STUDY MATERIAL below:

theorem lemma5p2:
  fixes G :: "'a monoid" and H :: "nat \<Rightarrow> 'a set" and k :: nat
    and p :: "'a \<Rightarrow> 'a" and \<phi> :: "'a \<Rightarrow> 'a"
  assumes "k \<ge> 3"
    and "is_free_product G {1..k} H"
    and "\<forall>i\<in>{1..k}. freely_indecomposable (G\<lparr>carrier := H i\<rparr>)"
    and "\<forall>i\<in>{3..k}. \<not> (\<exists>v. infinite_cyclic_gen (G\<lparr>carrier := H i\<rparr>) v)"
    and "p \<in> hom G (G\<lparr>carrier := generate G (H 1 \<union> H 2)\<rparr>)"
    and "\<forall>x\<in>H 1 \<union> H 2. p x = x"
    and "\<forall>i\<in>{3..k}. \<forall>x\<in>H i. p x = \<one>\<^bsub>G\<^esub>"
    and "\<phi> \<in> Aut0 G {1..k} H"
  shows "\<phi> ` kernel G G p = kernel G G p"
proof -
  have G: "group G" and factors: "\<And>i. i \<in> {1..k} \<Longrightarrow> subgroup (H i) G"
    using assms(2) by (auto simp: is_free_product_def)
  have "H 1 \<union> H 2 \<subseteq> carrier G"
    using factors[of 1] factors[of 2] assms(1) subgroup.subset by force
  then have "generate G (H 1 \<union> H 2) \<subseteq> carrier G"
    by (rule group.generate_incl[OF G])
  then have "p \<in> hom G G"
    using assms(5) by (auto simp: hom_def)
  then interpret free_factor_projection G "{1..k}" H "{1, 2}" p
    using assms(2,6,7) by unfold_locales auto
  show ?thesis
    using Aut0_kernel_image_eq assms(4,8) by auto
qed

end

End of STUDY MATERIAL.
STUDY MATERIAL below:

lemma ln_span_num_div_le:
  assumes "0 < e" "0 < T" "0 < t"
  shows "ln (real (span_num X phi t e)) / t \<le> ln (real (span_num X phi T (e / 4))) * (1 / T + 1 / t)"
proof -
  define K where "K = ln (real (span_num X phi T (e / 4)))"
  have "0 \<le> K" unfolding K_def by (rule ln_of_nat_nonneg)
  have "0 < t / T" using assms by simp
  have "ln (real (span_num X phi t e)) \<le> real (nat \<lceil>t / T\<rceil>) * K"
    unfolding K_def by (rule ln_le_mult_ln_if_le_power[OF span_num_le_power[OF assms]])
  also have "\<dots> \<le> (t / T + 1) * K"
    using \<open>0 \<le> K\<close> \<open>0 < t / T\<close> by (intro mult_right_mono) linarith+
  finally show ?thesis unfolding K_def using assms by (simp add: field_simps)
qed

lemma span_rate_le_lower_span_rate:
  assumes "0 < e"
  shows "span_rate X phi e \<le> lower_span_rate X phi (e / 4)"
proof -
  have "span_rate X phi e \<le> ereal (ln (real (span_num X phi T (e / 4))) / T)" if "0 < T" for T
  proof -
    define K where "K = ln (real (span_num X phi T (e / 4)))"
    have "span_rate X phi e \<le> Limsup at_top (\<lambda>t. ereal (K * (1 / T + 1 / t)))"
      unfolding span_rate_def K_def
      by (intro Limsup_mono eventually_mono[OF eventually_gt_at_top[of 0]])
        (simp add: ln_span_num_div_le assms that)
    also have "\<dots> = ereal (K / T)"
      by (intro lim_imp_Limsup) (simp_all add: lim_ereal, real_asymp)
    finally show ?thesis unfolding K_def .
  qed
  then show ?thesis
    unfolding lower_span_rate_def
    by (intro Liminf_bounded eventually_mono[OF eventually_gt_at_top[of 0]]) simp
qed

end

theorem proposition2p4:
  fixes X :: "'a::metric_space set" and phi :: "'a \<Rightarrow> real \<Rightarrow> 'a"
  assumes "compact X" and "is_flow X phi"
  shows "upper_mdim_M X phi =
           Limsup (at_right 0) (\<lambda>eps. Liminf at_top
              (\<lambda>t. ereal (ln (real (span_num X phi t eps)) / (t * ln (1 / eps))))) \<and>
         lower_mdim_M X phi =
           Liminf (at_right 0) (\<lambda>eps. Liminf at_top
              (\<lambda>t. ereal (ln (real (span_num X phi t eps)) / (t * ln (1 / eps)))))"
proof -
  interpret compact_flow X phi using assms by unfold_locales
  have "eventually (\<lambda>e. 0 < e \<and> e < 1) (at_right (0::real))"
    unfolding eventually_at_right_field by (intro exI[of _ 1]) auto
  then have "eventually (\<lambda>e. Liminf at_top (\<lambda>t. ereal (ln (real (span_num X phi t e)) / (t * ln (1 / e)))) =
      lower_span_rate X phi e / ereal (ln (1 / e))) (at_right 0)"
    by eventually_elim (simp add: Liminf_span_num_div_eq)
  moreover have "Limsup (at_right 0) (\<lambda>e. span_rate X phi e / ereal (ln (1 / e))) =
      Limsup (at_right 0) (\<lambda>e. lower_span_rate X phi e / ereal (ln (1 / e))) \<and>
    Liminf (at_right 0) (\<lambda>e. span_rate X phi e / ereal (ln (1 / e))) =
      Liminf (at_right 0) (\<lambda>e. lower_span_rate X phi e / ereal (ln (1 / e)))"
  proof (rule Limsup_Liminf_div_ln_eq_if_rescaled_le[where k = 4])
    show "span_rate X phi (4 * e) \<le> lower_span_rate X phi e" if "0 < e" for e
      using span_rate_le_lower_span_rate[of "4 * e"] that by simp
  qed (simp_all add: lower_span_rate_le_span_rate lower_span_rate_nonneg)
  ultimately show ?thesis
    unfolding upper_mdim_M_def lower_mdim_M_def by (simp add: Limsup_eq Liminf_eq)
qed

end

End of STUDY MATERIAL.
STUDY MATERIAL below:

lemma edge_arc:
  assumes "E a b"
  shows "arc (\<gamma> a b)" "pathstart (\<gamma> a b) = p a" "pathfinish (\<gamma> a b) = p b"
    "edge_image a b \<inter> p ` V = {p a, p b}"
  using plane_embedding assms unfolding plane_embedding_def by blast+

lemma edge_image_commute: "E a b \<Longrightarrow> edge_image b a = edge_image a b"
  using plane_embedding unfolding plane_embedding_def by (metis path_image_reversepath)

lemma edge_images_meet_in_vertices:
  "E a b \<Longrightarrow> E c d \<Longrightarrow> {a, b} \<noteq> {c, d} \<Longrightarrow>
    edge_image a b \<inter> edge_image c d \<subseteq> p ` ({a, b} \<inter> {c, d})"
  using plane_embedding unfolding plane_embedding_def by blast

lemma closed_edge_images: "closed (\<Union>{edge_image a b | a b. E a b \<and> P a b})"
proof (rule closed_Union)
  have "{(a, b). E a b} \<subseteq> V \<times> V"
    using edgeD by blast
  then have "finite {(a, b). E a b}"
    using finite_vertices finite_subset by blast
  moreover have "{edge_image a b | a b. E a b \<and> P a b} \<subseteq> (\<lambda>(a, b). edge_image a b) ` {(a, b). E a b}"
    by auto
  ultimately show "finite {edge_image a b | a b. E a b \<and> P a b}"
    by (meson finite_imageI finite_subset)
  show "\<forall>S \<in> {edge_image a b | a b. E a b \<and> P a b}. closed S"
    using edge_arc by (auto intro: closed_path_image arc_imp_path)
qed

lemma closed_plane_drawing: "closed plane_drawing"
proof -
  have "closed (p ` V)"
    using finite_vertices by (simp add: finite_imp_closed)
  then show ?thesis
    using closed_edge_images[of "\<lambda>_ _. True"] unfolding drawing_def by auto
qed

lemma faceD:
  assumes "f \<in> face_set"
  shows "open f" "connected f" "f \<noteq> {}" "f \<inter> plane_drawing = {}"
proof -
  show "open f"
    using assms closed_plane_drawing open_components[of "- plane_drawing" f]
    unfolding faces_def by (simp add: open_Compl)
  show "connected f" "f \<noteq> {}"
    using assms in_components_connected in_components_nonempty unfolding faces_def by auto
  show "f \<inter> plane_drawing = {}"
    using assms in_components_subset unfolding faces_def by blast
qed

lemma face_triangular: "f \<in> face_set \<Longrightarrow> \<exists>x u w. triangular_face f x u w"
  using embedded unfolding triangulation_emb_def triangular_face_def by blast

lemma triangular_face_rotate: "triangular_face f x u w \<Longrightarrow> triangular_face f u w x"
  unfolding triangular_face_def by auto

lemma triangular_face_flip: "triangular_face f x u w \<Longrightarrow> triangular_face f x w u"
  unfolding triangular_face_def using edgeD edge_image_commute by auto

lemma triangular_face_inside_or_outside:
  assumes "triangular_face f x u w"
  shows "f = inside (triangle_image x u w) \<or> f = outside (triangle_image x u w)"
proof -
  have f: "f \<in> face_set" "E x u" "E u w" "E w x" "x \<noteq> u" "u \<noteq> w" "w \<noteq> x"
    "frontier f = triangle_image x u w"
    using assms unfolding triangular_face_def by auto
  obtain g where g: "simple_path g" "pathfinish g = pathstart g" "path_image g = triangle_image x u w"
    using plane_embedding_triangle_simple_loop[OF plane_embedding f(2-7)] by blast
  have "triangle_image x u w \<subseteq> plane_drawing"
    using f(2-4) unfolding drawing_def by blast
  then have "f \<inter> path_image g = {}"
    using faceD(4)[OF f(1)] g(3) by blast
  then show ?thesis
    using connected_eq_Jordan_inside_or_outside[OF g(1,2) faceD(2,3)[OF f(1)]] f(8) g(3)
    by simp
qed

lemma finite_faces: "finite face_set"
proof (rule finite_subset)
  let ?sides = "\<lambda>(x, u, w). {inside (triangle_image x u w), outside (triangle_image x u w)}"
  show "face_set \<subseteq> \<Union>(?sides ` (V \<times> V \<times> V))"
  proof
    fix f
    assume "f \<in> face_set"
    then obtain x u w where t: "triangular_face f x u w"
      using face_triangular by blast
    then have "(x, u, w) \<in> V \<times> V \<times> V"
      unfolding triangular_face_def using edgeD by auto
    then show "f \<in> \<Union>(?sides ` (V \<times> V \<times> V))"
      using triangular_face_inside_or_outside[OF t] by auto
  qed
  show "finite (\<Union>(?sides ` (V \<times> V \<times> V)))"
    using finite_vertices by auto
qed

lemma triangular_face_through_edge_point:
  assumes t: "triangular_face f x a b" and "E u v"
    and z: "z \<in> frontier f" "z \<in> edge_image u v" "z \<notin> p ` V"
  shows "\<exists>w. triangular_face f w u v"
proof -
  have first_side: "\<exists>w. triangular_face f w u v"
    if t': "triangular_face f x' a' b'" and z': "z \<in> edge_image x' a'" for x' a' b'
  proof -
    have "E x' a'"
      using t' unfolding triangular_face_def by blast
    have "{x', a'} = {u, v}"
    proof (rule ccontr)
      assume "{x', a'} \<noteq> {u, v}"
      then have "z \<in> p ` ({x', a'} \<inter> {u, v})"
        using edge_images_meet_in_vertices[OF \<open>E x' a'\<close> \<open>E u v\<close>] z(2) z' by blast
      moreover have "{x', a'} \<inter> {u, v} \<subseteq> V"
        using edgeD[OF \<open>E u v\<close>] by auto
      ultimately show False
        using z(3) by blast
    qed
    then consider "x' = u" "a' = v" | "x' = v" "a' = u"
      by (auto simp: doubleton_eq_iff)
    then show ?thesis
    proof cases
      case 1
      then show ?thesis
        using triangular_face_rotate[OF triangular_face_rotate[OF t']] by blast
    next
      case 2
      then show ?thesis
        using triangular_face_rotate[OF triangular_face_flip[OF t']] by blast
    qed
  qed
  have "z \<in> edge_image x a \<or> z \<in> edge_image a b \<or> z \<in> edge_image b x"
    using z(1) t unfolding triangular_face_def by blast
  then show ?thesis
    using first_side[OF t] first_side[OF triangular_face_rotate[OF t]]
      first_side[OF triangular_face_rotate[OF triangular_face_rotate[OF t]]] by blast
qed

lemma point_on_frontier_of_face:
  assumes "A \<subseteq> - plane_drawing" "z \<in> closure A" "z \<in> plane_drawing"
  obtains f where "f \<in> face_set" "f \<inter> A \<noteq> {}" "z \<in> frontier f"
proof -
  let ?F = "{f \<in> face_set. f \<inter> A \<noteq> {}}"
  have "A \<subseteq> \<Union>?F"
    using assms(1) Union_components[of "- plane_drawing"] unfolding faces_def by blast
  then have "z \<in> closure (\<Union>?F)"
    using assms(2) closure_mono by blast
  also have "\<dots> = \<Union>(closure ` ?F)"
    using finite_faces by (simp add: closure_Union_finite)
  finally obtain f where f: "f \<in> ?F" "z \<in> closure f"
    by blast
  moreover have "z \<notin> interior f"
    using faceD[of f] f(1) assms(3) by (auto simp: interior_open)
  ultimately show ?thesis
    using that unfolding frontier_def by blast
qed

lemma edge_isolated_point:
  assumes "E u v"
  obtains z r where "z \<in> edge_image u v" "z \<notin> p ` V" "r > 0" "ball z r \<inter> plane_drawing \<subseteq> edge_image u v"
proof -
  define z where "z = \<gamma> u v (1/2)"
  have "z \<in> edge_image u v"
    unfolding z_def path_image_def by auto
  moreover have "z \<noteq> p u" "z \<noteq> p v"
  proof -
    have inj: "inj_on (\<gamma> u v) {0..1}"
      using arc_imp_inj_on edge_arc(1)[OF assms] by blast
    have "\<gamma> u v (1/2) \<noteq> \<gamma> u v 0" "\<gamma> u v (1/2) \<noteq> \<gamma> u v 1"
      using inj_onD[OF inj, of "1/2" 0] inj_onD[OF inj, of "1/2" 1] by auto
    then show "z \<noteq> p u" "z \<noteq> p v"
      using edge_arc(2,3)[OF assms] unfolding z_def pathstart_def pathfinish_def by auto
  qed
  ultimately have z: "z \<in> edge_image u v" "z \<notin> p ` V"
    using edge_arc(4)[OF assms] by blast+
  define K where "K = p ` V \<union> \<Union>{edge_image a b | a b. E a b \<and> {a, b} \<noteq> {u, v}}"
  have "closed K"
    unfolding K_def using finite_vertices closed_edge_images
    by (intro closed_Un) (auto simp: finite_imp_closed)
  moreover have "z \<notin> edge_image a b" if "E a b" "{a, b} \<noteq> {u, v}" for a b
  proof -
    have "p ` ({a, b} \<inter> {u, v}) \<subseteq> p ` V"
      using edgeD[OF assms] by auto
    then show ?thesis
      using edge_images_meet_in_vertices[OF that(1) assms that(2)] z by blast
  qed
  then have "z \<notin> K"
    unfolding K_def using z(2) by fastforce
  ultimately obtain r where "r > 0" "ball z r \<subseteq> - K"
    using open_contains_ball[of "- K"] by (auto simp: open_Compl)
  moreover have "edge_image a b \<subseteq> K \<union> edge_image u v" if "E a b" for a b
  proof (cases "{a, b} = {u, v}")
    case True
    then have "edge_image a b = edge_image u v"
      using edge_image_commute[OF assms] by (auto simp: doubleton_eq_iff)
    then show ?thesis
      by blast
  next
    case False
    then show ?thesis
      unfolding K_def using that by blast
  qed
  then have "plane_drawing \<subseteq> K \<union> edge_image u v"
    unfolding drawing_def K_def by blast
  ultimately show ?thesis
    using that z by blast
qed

End of STUDY MATERIAL.

WORK TO COMPLETE »
Pull out every line above that holds the word "intro".

TASK RESPONSE »
    using \<open>0 \<le> K\<close> \<open>0 < t / T\<close> by (intro mult_right_mono) linarith+
      by (intro Limsup_mono eventually_mono[OF eventually_gt_at_top[of 0]])
      by (intro lim_imp_Limsup) (simp_all add: lim_ereal, real_asymp)
    by (intro Liminf_bounded eventually_mono[OF eventually_gt_at_top[of 0]]) simp
    unfolding eventually_at_right_field by (intro exI[of _ 1]) auto
    using edge_arc by (auto intro: closed_path_image arc_imp_path)
    by (intro closed_Un) (auto simp: finite_imp_closed)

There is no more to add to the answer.